All lines holding the word "shows" in the listing below need to be copied.

====

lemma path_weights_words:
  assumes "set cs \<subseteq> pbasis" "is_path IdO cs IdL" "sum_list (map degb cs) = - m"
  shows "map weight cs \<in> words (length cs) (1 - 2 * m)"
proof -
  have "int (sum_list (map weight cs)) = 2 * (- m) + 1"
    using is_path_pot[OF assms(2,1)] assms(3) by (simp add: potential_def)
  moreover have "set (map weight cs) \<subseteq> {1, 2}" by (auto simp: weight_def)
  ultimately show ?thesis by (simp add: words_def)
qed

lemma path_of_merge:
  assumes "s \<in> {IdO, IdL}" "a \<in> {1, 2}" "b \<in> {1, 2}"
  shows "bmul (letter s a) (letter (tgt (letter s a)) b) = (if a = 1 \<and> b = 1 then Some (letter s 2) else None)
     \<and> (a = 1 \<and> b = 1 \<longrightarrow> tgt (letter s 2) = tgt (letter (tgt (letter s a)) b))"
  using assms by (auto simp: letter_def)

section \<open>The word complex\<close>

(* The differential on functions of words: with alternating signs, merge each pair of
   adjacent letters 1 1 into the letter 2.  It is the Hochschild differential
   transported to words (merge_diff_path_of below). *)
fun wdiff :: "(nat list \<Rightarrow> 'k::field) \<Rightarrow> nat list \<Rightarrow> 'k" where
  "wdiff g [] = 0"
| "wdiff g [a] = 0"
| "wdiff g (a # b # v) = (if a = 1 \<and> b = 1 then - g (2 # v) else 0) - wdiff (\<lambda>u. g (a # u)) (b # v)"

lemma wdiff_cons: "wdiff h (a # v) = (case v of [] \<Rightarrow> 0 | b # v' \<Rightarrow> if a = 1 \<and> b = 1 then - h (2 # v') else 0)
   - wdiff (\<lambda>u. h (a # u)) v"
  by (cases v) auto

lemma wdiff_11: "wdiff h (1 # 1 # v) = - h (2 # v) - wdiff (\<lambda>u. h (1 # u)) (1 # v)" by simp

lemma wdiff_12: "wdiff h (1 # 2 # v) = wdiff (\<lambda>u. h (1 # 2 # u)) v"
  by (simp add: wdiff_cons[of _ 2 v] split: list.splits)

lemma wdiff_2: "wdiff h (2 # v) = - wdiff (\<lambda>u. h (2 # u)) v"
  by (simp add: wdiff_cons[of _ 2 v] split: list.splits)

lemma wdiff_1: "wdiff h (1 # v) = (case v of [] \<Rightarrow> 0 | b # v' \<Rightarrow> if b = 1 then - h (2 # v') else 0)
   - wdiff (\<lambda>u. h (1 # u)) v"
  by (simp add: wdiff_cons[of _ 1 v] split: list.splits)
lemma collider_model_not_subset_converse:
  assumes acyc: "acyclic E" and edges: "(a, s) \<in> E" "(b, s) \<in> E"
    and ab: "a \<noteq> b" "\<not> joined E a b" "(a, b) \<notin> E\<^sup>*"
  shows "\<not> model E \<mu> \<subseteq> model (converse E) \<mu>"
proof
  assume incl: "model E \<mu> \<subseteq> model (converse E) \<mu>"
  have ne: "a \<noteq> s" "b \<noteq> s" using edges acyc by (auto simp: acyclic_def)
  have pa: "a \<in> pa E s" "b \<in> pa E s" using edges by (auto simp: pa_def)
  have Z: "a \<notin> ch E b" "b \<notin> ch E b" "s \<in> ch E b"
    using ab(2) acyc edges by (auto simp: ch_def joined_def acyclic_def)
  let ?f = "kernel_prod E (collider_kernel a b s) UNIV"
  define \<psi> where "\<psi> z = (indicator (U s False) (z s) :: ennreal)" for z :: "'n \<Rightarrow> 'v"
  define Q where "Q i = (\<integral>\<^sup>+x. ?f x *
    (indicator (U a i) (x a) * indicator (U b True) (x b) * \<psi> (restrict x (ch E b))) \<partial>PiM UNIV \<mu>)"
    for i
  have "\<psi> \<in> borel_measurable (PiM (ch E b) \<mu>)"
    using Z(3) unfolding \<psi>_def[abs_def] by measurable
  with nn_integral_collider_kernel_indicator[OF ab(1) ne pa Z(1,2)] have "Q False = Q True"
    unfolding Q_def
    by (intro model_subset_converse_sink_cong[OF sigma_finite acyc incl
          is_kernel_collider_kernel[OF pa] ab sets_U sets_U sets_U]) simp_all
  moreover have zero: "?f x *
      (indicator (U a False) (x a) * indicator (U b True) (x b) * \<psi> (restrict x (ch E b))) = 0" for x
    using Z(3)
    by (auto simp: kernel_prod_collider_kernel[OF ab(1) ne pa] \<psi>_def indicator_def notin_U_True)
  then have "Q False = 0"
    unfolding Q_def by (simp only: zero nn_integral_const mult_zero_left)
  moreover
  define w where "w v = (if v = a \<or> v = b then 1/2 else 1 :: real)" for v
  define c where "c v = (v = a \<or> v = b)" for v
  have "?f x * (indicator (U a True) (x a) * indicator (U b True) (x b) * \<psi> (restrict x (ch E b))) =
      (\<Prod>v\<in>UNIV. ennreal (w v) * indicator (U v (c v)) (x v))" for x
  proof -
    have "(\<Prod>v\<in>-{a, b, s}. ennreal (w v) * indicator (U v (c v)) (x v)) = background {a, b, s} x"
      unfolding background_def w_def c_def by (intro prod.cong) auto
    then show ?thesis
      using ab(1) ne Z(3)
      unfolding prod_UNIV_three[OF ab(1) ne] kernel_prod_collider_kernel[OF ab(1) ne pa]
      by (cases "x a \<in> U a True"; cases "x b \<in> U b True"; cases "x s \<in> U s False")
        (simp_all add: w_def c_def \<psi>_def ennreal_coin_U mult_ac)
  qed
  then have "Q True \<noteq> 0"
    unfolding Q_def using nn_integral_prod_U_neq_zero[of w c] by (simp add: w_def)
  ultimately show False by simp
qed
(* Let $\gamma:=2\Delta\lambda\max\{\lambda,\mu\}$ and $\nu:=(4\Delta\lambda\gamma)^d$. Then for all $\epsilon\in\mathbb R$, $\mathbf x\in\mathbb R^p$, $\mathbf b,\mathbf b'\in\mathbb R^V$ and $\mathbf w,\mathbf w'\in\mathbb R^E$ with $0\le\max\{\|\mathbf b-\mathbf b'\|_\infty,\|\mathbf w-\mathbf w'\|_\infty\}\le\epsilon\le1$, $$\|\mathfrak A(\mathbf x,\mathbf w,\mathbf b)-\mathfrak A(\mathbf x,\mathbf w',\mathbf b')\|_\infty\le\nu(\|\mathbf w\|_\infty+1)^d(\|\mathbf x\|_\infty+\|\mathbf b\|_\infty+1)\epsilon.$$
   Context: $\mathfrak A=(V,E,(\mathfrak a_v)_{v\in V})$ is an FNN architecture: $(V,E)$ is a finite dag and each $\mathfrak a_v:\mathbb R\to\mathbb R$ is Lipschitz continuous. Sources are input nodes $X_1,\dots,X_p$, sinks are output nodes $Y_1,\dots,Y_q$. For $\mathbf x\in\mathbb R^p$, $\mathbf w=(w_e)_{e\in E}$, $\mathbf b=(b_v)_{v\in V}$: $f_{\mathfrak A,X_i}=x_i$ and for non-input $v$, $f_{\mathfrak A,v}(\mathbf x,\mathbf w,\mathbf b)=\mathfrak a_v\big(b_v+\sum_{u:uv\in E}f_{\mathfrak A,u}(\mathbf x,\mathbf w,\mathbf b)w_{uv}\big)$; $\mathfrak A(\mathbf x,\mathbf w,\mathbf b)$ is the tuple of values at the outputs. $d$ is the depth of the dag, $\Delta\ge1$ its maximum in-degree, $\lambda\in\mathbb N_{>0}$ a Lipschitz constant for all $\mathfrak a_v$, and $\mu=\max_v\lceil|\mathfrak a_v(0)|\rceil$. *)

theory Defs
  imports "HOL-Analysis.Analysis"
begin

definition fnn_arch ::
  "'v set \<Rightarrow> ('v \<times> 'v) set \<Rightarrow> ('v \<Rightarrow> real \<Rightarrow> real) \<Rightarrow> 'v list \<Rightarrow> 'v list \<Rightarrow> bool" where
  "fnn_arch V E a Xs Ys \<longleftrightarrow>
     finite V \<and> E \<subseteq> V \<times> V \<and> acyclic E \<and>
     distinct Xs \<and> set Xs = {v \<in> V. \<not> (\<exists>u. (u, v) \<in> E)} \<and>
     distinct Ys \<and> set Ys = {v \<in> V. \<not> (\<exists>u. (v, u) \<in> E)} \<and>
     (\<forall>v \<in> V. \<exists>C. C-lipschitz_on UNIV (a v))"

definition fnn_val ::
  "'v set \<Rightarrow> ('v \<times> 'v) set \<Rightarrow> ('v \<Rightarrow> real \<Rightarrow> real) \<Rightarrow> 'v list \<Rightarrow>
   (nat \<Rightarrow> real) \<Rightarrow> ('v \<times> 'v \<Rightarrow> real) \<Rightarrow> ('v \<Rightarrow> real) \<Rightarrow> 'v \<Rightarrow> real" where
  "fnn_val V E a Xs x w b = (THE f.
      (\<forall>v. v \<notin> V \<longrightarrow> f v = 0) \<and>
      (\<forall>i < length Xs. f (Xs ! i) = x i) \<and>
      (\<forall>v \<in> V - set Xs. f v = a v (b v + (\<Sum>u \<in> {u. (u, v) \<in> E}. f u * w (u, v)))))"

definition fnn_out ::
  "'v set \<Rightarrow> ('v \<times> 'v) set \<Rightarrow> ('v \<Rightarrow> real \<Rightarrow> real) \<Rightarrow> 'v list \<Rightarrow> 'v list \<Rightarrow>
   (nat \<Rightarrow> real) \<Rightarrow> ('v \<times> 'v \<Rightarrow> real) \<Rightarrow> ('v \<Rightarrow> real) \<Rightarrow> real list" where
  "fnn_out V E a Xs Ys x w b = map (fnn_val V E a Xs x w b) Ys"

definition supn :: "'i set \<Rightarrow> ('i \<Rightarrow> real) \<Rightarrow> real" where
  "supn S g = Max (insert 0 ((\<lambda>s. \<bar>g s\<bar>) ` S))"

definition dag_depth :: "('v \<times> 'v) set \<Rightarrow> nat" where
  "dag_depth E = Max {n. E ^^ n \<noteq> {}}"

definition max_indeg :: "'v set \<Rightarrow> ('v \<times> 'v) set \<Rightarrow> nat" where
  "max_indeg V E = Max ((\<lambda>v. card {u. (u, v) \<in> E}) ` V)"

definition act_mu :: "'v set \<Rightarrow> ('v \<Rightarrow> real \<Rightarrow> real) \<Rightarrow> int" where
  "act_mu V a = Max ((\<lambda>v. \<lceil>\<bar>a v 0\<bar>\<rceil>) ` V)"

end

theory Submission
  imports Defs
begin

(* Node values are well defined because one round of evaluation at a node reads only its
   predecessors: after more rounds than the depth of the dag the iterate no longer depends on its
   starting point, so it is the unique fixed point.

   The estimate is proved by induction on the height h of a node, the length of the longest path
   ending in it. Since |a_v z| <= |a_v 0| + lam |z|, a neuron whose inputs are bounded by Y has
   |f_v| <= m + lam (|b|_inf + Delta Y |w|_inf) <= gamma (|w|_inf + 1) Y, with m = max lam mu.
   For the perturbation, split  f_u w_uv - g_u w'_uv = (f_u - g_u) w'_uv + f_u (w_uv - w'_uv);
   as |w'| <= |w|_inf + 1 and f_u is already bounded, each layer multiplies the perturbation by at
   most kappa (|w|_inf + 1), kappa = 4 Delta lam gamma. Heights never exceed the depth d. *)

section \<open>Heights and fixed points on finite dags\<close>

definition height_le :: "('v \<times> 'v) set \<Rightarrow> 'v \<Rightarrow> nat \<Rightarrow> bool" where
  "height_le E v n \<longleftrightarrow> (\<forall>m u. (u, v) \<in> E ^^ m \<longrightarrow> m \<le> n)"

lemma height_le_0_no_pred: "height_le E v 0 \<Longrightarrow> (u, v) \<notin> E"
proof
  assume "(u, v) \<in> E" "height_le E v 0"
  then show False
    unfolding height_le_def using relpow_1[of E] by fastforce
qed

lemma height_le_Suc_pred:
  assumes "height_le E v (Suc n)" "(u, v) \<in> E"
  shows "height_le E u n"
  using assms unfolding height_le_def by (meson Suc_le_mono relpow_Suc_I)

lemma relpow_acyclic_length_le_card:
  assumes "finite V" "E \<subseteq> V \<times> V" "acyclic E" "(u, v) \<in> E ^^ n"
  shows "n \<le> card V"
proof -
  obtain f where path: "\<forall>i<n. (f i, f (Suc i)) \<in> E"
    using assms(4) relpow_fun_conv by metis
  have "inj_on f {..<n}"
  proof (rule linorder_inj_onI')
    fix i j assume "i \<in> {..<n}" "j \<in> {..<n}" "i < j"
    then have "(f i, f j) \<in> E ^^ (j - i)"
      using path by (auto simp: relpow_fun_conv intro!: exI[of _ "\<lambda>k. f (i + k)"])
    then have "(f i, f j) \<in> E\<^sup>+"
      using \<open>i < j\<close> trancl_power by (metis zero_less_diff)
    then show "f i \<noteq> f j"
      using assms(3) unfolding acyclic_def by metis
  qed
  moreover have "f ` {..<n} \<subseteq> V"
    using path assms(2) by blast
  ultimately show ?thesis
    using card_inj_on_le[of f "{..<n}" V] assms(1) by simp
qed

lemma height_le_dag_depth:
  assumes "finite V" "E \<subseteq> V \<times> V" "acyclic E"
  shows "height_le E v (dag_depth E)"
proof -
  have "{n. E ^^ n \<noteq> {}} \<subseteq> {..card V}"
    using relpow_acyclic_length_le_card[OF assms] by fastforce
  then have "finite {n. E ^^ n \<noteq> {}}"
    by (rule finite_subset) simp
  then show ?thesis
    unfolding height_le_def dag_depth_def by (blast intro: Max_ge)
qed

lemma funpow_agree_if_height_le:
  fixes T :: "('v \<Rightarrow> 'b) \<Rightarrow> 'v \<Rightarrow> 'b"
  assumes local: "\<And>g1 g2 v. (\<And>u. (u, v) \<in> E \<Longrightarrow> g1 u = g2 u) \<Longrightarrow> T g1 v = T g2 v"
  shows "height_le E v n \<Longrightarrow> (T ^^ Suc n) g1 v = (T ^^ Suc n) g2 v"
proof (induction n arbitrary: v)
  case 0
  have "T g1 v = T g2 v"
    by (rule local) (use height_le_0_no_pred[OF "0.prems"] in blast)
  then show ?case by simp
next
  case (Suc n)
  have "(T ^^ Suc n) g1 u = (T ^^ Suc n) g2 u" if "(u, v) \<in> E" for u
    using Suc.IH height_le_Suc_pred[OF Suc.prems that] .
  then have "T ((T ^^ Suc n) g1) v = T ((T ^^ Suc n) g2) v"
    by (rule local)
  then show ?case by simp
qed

====

*Output for this exercise*
  shows "map weight cs \<in> words (length cs) (1 - 2 * m)"
  shows "bmul (letter s a) (letter (tgt (letter s a)) b) = (if a = 1 \<and> b = 1 then Some (letter s 2) else None)
  shows "\<not> model E \<mu> \<subseteq> model (converse E) \<mu>"
  shows "height_le E u n"
  shows "n \<le> card V"
  shows "height_le E v (dag_depth E)"
  shows "height_le E v n \<Longrightarrow> (T ^^ Suc n) g1 v = (T ^^ Suc n) g2 v"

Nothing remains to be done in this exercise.